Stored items
+++++
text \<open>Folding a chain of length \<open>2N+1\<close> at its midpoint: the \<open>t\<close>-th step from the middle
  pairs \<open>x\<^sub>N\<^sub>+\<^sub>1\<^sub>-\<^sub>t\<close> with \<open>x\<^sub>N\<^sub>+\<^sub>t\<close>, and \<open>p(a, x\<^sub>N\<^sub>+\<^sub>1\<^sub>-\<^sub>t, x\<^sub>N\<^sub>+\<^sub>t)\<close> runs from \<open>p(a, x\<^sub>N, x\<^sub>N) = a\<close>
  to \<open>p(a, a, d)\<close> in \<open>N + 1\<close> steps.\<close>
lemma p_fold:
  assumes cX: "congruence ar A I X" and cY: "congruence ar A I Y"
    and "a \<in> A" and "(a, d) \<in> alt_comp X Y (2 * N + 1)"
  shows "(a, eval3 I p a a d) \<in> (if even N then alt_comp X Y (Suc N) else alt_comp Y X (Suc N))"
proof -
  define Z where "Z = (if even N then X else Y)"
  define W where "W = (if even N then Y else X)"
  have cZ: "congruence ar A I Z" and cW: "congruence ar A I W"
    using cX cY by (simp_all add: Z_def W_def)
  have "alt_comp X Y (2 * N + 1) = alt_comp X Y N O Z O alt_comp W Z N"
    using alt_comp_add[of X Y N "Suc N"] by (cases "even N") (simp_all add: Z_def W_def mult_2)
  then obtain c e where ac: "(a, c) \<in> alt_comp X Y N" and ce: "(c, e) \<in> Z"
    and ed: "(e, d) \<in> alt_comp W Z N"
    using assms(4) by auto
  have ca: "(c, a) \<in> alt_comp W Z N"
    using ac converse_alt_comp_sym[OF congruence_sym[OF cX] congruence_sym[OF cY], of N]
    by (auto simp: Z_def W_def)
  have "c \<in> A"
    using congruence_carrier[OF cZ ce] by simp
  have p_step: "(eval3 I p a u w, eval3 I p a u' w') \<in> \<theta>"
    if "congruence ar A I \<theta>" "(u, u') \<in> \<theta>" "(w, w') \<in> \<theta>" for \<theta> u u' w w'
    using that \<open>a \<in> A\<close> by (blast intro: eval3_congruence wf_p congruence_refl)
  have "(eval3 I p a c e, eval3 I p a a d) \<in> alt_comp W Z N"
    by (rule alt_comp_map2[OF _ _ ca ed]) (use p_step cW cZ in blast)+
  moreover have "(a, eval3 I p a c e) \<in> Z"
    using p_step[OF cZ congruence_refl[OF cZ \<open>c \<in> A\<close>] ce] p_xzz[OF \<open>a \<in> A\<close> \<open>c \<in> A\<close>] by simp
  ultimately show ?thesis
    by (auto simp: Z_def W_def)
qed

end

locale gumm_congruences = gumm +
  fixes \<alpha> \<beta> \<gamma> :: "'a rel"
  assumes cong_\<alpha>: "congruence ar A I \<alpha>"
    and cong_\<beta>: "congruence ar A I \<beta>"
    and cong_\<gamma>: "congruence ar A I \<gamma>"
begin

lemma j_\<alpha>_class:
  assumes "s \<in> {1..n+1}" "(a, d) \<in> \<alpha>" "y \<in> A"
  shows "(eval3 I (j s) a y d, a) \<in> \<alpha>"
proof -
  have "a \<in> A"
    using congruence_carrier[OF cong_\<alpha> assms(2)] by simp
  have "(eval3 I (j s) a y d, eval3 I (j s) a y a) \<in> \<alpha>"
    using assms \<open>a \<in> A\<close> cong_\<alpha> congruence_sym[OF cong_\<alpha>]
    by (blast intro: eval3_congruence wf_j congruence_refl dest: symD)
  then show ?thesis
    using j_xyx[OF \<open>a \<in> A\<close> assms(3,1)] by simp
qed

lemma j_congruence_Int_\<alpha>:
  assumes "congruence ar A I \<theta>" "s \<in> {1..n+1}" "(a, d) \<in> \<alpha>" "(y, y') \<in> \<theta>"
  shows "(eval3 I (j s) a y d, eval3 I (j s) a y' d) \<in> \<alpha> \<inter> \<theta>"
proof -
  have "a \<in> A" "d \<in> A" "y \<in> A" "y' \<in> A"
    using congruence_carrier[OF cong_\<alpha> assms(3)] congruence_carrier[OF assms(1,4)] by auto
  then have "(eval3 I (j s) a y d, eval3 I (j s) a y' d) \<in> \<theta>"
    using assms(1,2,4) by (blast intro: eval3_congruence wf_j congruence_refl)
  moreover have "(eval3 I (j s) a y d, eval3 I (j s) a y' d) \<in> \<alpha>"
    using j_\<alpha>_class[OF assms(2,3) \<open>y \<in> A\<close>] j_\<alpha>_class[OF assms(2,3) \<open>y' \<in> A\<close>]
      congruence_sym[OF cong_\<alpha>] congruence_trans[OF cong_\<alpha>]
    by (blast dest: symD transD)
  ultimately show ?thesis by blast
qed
+++++
▶ **What the task asks**
In the data above, tally the lines holding "intro" and answer with the figure only.

▶ **Output of the exercise**
3